His vision swam. His legs were lead. His chest had stopped heaving, simply content to seize, clenching in a vain attempt to stop his lungs collapsing in on themselves. He stumbled forward, lurching towards the edge of the building, free hand clutching loose his injured shoulder. He was… well oh wow he was losing a lot of blood. This, ugh, this was starting to be something of a habit.
“Jane…” he murmured, stumbling forward with staggering footsteps, “Any time now…”
In the distance he could see her still fighting. How could anyone not? The light of Dawn shone like a star, like the Aurora Nirvanas, a golden maelstrom of energy burrowing into the corrupting grey. She was so close to the centre, the entire field now buckling around her. She’d almost done it. And he was almost not dead. Almost. So close.
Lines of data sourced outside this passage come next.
lemma cauchy_pairing_dilation_tendsto:
  assumes phi: "phi \<in> H1" and f: "f \<in> Hinf" and h: "h \<in> Hinf"
  shows "((\<lambda>\<rho>. cauchy_pairing phi (\<lambda>z. f z * h (of_real \<rho> * z))) \<longlongrightarrow> cauchy_pairing phi (\<lambda>z. f z * h z))
      (at_left 1)"
proof (rule tendstoI)
  fix e :: real assume e: "0 < e"
  obtain M where M: "\<And>r. 0 \<le> r \<Longrightarrow> r < 1 \<Longrightarrow> circle_L1 phi r \<le> M" using H1E[OF phi] by blast
  obtain Kf where Kf: "\<And>z. z \<in> ball 0 1 \<Longrightarrow> norm (f z) \<le> Kf"
    using HinfE[OF f] by blast
  obtain Kh where hh: "h holomorphic_on ball 0 1" and Kh: "\<And>z. z \<in> ball 0 1 \<Longrightarrow> norm (h z) \<le> Kh"
    using HinfE[OF h] by blast
  have M0: "0 \<le> M" using M[of 0] circle_L1_nonneg[of phi 0] by linarith
  have Kf0: "0 \<le> Kf" by (rule bound_on_disc_nonneg[OF Kf])
  have Kh0: "0 \<le> Kh" by (rule bound_on_disc_nonneg[OF Kh])
  define Kw where "Kw = 2 * Kf * Kh"
  define eta where "eta = pi * e / (2 * (Kw + 1))"
  define ep where "ep = e / (4 * (Kf + 1) * (M + 1))"
  have Kw0: "0 \<le> Kw" using Kf0 Kh0 by (simp add: Kw_def)
  have "eventually (\<lambda>s. \<forall>r\<in>{0..<1}. circle_L1 (\<lambda>z. phi z - phi (of_real s * z)) r \<le> eta) (at_left 1)"
    using e Kw0 by (intro H1_dilation_close[OF H1_holomorphic[OF phi] M]) (auto simp: eta_def)
  then obtain s where s: "0 < s" "s < 1"
    and close: "\<forall>r\<in>{0..<1}. circle_L1 (\<lambda>z. phi z - phi (of_real s * z)) r \<le> eta"
    by (rule eventually_at_left_1_obtain)
  have small: "Kw * eta / (2 * pi) + Kf * ep * M / (2 * pi) < e"
  proof -
    have "Kw * eta / (2 * pi) = Kw / (Kw + 1) * (e / 4)"
      using Kw0 by (simp add: eta_def field_simps add_nonneg_eq_0_iff)
    also have "\<dots> \<le> e / 4" using Kw0 e by (intro mult_left_le_one_le) auto
    finally have 1: "Kw * eta / (2 * pi) \<le> e / 4" .
    have "Kf * ep * M / (2 * pi) = Kf / (Kf + 1) * (M / (M + 1)) * (e / (8 * pi))"
      using Kf0 M0 by (simp add: ep_def field_simps add_nonneg_eq_0_iff)
    also have "\<dots> \<le> e / (8 * pi)"
      using Kf0 M0 e by (intro mult_left_le_one_le mult_le_one) auto
    also have "\<dots> \<le> e / 4" using e pi_ge_two by (simp add: field_simps)
    finally show ?thesis using 1 e by linarith
  qed
  have "eventually (\<lambda>\<rho>. (0 < \<rho> \<and> \<rho> < 1) \<and> (\<forall>z\<in>cball 0 s. norm (h z - h (of_real \<rho> * z)) \<le> ep)) (at_left 1)"
    using e Kf0 M0 s
    by (intro eventually_conj eventually_at_left_1_unit_interval dilations_uniformly_close[OF hh])
       (auto simp: ep_def)
  then show "eventually (\<lambda>\<rho>. dist (cauchy_pairing phi (\<lambda>z. f z * h (of_real \<rho> * z)))
      (cauchy_pairing phi (\<lambda>z. f z * h z)) < e) (at_left 1)"
  proof (rule eventually_mono, elim conjE)
    fix \<rho> :: real assume "0 < \<rho>" "\<rho> < 1" "\<forall>z\<in>cball 0 s. norm (h z - h (of_real \<rho> * z)) \<le> ep"
    then have "norm (cauchy_pairing phi (\<lambda>z. f z * h z) - cauchy_pairing phi (\<lambda>z. f z * h (of_real \<rho> * z)))
        \<le> Kw * eta / (2 * pi) + Kf * ep * M / (2 * pi)"
      unfolding Kw_def using s close by (intro norm_cauchy_pairing_mult_dilation_diff_le[OF phi M f Kf h Kh])
    then show "dist (cauchy_pairing phi (\<lambda>z. f z * h (of_real \<rho> * z))) (cauchy_pairing phi (\<lambda>z. f z * h z)) < e"
      using small by (simp add: dist_norm norm_minus_commute)
  qed
qed

lemma norm_dilation_minus_taylor_poly_le:
  assumes hh: "h holomorphic_on ball 0 1" and Kh: "\<And>z. z \<in> ball 0 1 \<Longrightarrow> norm (h z) \<le> Kh"
    and \<rho>: "0 \<le> \<rho>" "\<rho> < 1" and z: "z \<in> ball 0 1"
  shows "norm (h (of_real \<rho> * z) - (\<Sum>k<N. taylor_coeff h k * of_real \<rho> ^ k * z ^ k))
       \<le> Kh * \<rho> ^ N / (1 - \<rho>)"
proof -
  define c where "c = (\<lambda>k. taylor_coeff h k * (of_real \<rho> * z) ^ k)"
  have nz: "norm z < 1" using z by simp
  have "c sums h (of_real \<rho> * z)"
    unfolding c_def using \<rho> nz
    by (intro taylor_coeff_sums[OF hh]) (auto simp: norm_mult intro: le_less_trans[OF mult_left_le_one_le])
  then have tail: "(\<lambda>k. c (k + N)) sums (h (of_real \<rho> * z) - (\<Sum>k<N. c k))"
    using sums_split_initial_segment[of c _ N] by simp
  have le: "norm (c (k + N)) \<le> Kh * \<rho> ^ N * \<rho> ^ k" for k
  proof -
    have "norm ((of_real \<rho> * z) ^ (k + N)) = (\<rho> * norm z) ^ (k + N)"
      using \<rho> by (simp add: norm_mult norm_power)
    also have "\<dots> \<le> \<rho> ^ (k + N)" using \<rho> nz by (intro power_mono mult_left_le) auto
    finally have "norm (taylor_coeff h (k + N)) * norm ((of_real \<rho> * z) ^ (k + N)) \<le> Kh * \<rho> ^ (k + N)"
      using norm_taylor_coeff_le_Hinf[OF hh Kh, of "k + N"] by (intro mult_mono) (auto intro: order_trans[OF norm_ge_zero])
    then show ?thesis by (simp add: c_def norm_mult power_add mult_ac)
  qed
  have geom: "(\<lambda>k. Kh * \<rho> ^ N * \<rho> ^ k) sums (Kh * \<rho> ^ N * (1 / (1 - \<rho>)))"
    using \<rho> by (intro sums_mult geometric_sums) simp
  have summable: "summable (\<lambda>k. norm (c (k + N)))"
    by (rule summable_comparison_test[OF _ sums_summable[OF geom]]) (use le in auto)
  have "norm (h (of_real \<rho> * z) - (\<Sum>k<N. c k)) = norm (\<Sum>k. c (k + N))"
    using sums_unique[OF tail] by simp
  also have "\<dots> \<le> (\<Sum>k. norm (c (k + N)))" by (rule summable_norm[OF summable])
  also have "\<dots> \<le> (\<Sum>k. Kh * \<rho> ^ N * \<rho> ^ k)" by (rule suminf_le[OF le summable sums_summable[OF geom]])
  also have "\<dots> = Kh * \<rho> ^ N / (1 - \<rho>)" using sums_unique[OF geom] by simp
  finally show ?thesis by (simp add: c_def power_mult_distrib mult.assoc)
qed

lemma cauchy_pairing_taylor_poly_tendsto:
  assumes phi: "phi \<in> H1" and f: "f \<in> Hinf" and h: "h \<in> Hinf" and \<rho>: "0 \<le> \<rho>" "\<rho> < 1"
  shows "(\<lambda>N. cauchy_pairing phi (\<lambda>z. f z * (\<Sum>k<N. taylor_coeff h k * of_real \<rho> ^ k * z ^ k)))
       \<longlonglongrightarrow> cauchy_pairing phi (\<lambda>z. f z * h (of_real \<rho> * z))"
proof -
  obtain M where M: "\<And>r. 0 \<le> r \<Longrightarrow> r < 1 \<Longrightarrow> circle_L1 phi r \<le> M" using H1E[OF phi] by blast
  obtain Kf where Kf: "\<And>z. z \<in> ball 0 1 \<Longrightarrow> norm (f z) \<le> Kf" using HinfE[OF f] by blast
  obtain Kh where hh: "h holomorphic_on ball 0 1" and Kh: "\<And>z. z \<in> ball 0 1 \<Longrightarrow> norm (h z) \<le> Kh"
    using HinfE[OF h] by blast
  have Kf0: "0 \<le> Kf" by (rule bound_on_disc_nonneg[OF Kf])
  define T where "T N z = (\<Sum>k<N. taylor_coeff h k * of_real \<rho> ^ k * z ^ k)" for N z
  have T: "T N \<in> Hinf" for N
  proof -
    have "T N = (\<lambda>z. poly (\<Sum>k<N. monom (taylor_coeff h k * of_real \<rho> ^ k) k) z)"
      by (simp add: fun_eq_iff T_def poly_sum poly_monom)
    then show ?thesis by (simp only: poly_in_Hinf)
  qed
  have h\<rho>: "(\<lambda>z. h (of_real \<rho> * z)) \<in> Hinf" using \<rho> by (intro Hinf_dilation h) auto
  have bound: "norm (cauchy_pairing phi (\<lambda>z. f z * h (of_real \<rho> * z)) - cauchy_pairing phi (\<lambda>z. f z * T N z))
      \<le> Kf * (Kh * \<rho> ^ N / (1 - \<rho>)) * M / (2 * pi)" for N
  proof -
    have "norm (f z * h (of_real \<rho> * z) - f z * T N z) \<le> Kf * (Kh * \<rho> ^ N / (1 - \<rho>))" if "z \<in> ball 0 1" for z
      unfolding T_def right_diff_distrib[symmetric] norm_mult
      using Kf[OF that] norm_dilation_minus_taylor_poly_le[OF hh Kh \<rho> that] Kf0
      by (intro mult_mono) auto
    then have "norm (cauchy_pairing phi (\<lambda>z. f z * h (of_real \<rho> * z) - f z * T N z))
        \<le> Kf * (Kh * \<rho> ^ N / (1 - \<rho>)) * M / (2 * pi)"
      by (intro norm_cauchy_pairing_le_bounds[OF phi M] Hinf_diff Hinf_mult f h\<rho> T)
    then show ?thesis by (simp only: cauchy_pairing_diff[OF phi Hinf_mult[OF f h\<rho>] Hinf_mult[OF f T]])
  qed
  have "(\<lambda>N. Kf * (Kh * \<rho> ^ N / (1 - \<rho>)) * M / (2 * pi)) \<longlonglongrightarrow> Kf * (Kh * 0 / (1 - \<rho>)) * M / (2 * pi)"
    using \<rho> by (intro tendsto_intros LIMSEQ_power_zero) auto
  then have lim: "(\<lambda>N. Kf * (Kh * \<rho> ^ N / (1 - \<rho>)) * M / (2 * pi)) \<longlonglongrightarrow> 0" by simp
  have "(\<lambda>N. cauchy_pairing phi (\<lambda>z. f z * h (of_real \<rho> * z)) - cauchy_pairing phi (\<lambda>z. f z * T N z))
      \<longlonglongrightarrow> 0"
    by (rule Lim_null_comparison[OF always_eventually lim]) (use bound in blast)
  from tendsto_diff[OF tendsto_const[of "cauchy_pairing phi (\<lambda>z. f z * h (of_real \<rho> * z))"] this]
  show ?thesis unfolding T_def by simp
qed

lemma exists_poly_multiple_pairing_close:
  assumes Phi: "finite Phi" "Phi \<subseteq> H1" and f: "f \<in> Hinf" and h: "h \<in> Hinf" and e: "e > 0"
  shows "\<exists>p\<in>analytic_polys. \<forall>phi\<in>Phi.
           norm (cauchy_pairing phi (\<lambda>z. p z * f z) - cauchy_pairing phi (\<lambda>z. f z * h z)) < e"
proof -
  have "eventually (\<lambda>\<rho>. \<forall>phi\<in>Phi. dist (cauchy_pairing phi (\<lambda>z. f z * h (of_real \<rho> * z)))
      (cauchy_pairing phi (\<lambda>z. f z * h z)) < e / 2) (at_left 1)"
    using Phi e by (intro eventually_ball_finite ballI tendstoD[OF cauchy_pairing_dilation_tendsto[OF _ f h]]) auto
  then obtain \<rho> where \<rho>: "0 < \<rho>" "\<rho> < 1" and close1: "\<forall>phi\<in>Phi.
      dist (cauchy_pairing phi (\<lambda>z. f z * h (of_real \<rho> * z))) (cauchy_pairing phi (\<lambda>z. f z * h z)) < e / 2"
    by (rule eventually_at_left_1_obtain)
  define T where "T N z = (\<Sum>k<N. taylor_coeff h k * of_real \<rho> ^ k * z ^ k)" for N z
  have "eventually (\<lambda>N. \<forall>phi\<in>Phi. dist (cauchy_pairing phi (\<lambda>z. f z * T N z))
      (cauchy_pairing phi (\<lambda>z. f z * h (of_real \<rho> * z))) < e / 2) sequentially"
    using Phi e \<rho> unfolding T_def
    by (intro eventually_ball_finite ballI tendstoD[OF cauchy_pairing_taylor_poly_tendsto[OF _ f h]]) auto
  then obtain N where close2: "\<forall>phi\<in>Phi.
      dist (cauchy_pairing phi (\<lambda>z. f z * T N z)) (cauchy_pairing phi (\<lambda>z. f z * h (of_real \<rho> * z))) < e / 2"
    by (auto simp: eventually_sequentially)
  define p where "p z = poly (\<Sum>k<N. monom (taylor_coeff h k * of_real \<rho> ^ k) k) z" for z
  have "p \<in> analytic_polys" unfolding p_def analytic_polys_def by blast
  moreover have pf: "(\<lambda>z. p z * f z) = (\<lambda>z. f z * T N z)"
    by (simp add: fun_eq_iff p_def T_def poly_sum poly_monom mult.commute)
  moreover have "norm (cauchy_pairing phi (\<lambda>z. p z * f z) - cauchy_pairing phi (\<lambda>z. f z * h z)) < e"
    if "phi \<in> Phi" for phi
  proof -
    have "dist (cauchy_pairing phi (\<lambda>z. f z * T N z)) (cauchy_pairing phi (\<lambda>z. f z * h (of_real \<rho> * z))) < e / 2"
      using close2 that by blast
    moreover have "dist (cauchy_pairing phi (\<lambda>z. f z * h z)) (cauchy_pairing phi (\<lambda>z. f z * h (of_real \<rho> * z))) < e / 2"
      using close1 that by (simp add: dist_commute)
    ultimately have "dist (cauchy_pairing phi (\<lambda>z. f z * T N z)) (cauchy_pairing phi (\<lambda>z. f z * h z)) < e"
      by (rule dist_triangle_half_l)
    then show ?thesis by (simp add: pf dist_norm)
  qed
  ultimately show ?thesis by blast
qed

lemma weak_star_closure_mono:
  assumes "S \<subseteq> T"
  shows "weak_star_closure X N S \<subseteq> weak_star_closure X N T"
  using assms unfolding weak_star_closure_def by blast

lemma weak_star_closure_subset_if_approximable:
  assumes "\<And>s F e. s \<in> S \<Longrightarrow> finite F \<Longrightarrow> F \<subseteq> X \<Longrightarrow> e > 0 \<Longrightarrow>
     \<exists>t\<in>T. \<forall>phi\<in>F. norm (cauchy_pairing phi t - cauchy_pairing phi s) < e"
  shows "weak_star_closure X N S \<subseteq> weak_star_closure X N T"
proof
  fix g assume g: "g \<in> weak_star_closure X N S"
  have "\<exists>t\<in>T. \<forall>phi\<in>F. norm (cauchy_pairing phi t - cauchy_pairing phi g) < e"
    if F: "finite F" "F \<subseteq> X" and e: "e > 0" for F e
  proof -
    have e2: "e / 2 > 0" using e by simp
    obtain s where "s \<in> S" and s: "\<forall>phi\<in>F. norm (cauchy_pairing phi s - cauchy_pairing phi g) < e / 2"
      using g F e2 unfolding weak_star_closure_def by blast
    obtain t where "t \<in> T" and t: "\<forall>phi\<in>F. norm (cauchy_pairing phi t - cauchy_pairing phi s) < e / 2"
      using assms[OF \<open>s \<in> S\<close> F e2] by blast
    have "norm (cauchy_pairing phi t - cauchy_pairing phi g) < e" if "phi \<in> F" for phi
    proof -
      have "norm (cauchy_pairing phi t - cauchy_pairing phi g)
          \<le> norm (cauchy_pairing phi t - cauchy_pairing phi s) + norm (cauchy_pairing phi s - cauchy_pairing phi g)"
        using norm_triangle_ineq[of "cauchy_pairing phi t - cauchy_pairing phi s"
            "cauchy_pairing phi s - cauchy_pairing phi g"] by simp
      then show ?thesis using s[rule_format, OF that] t[rule_format, OF that] by linarith
    qed
    with \<open>t \<in> T\<close> show ?thesis by blast
  qed
  moreover have "g \<in> cauchy_dual X N" using g by (simp add: weak_star_closure_def)
  ultimately show "g \<in> weak_star_closure X N T" unfolding weak_star_closure_def by simp
qed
But there was nowhere left to run. No more silly bullcrap. Beneath him, behind him, the footsteps coming up the stairs had decreased into a steady, relentless thud, following unwavering along his erratic, bloody trail. Thud. Thud. One foot in front of the other, the murderous gait of a predator slowly stalking its prey, savouring the fear, the trapped moments sweetening the killing.
Matt winced as he shrugged off Azleena’s bugout bag, the weight of it now depressingly empty as he dangled it over the concrete, holding the strings from both hands. What was in there now? A protein bar? A smoke bomb? Those cans of deodorant he’d picked up? He’d had some thought of turning those into makeshift flamethrowers, but Matt no longer had a flare and he didn’t have a lighter. Also the blood on his hands kept slipping, and he was having trouble seeing straight.
None of those were going to do anything. The smoke wouldn’t even slow him down; the bag itself? Maybe if he could get it on the attacker’s head and then play dead man rodeo, with only one working arm and a significant amount of blood loss. Sure, seemed doable. The deodorant and the rations? Well, the man coming to kill him might be smelly or hungry. But Matt guessed the final soldier was probably not the type to be deterred by petty niceness, otherwise he probably wouldn’t have been picked to assassinate him in the first place.
Oh God I’m thinking nonsense, Matt thought, reeling. May he die as he lived, the king of stupid tricks, having exceeded everyone’s expectations. There were worse ways to go.
Desperate, Matt once more bent his working arm down and rummaged inside the bag, feeling desperately for something, anything he could use.
Wait. His fingers closed clumsy around something that felt like a metal ice cream cone, groping down around a handle. He fumbled in the bottom of the bag, feeling another, then drew one of them out. Ice cream cone shaped stabby things. Like a little umbrella or mushroom of solid silver, with an aggressive point on the end and a handle. Wall climbers. Matt almost laughed out loud. The roof was completely bare. He wasn’t facing any walls.
Except-
And suddenly, Matt had an idea so monumentally stupid it couldn’t possibly fail.
He broke into a lopping run, sweeping his gaze around the surrounding buildings. Directly in front of him, on the short side of the rectangle, there was only empty air, but on the long east and west sides… skyscrapers. Other buildings, fully constructed ones, each taller than this. Separated on his left by a thirty‑foot gap. And on his right a mere forty.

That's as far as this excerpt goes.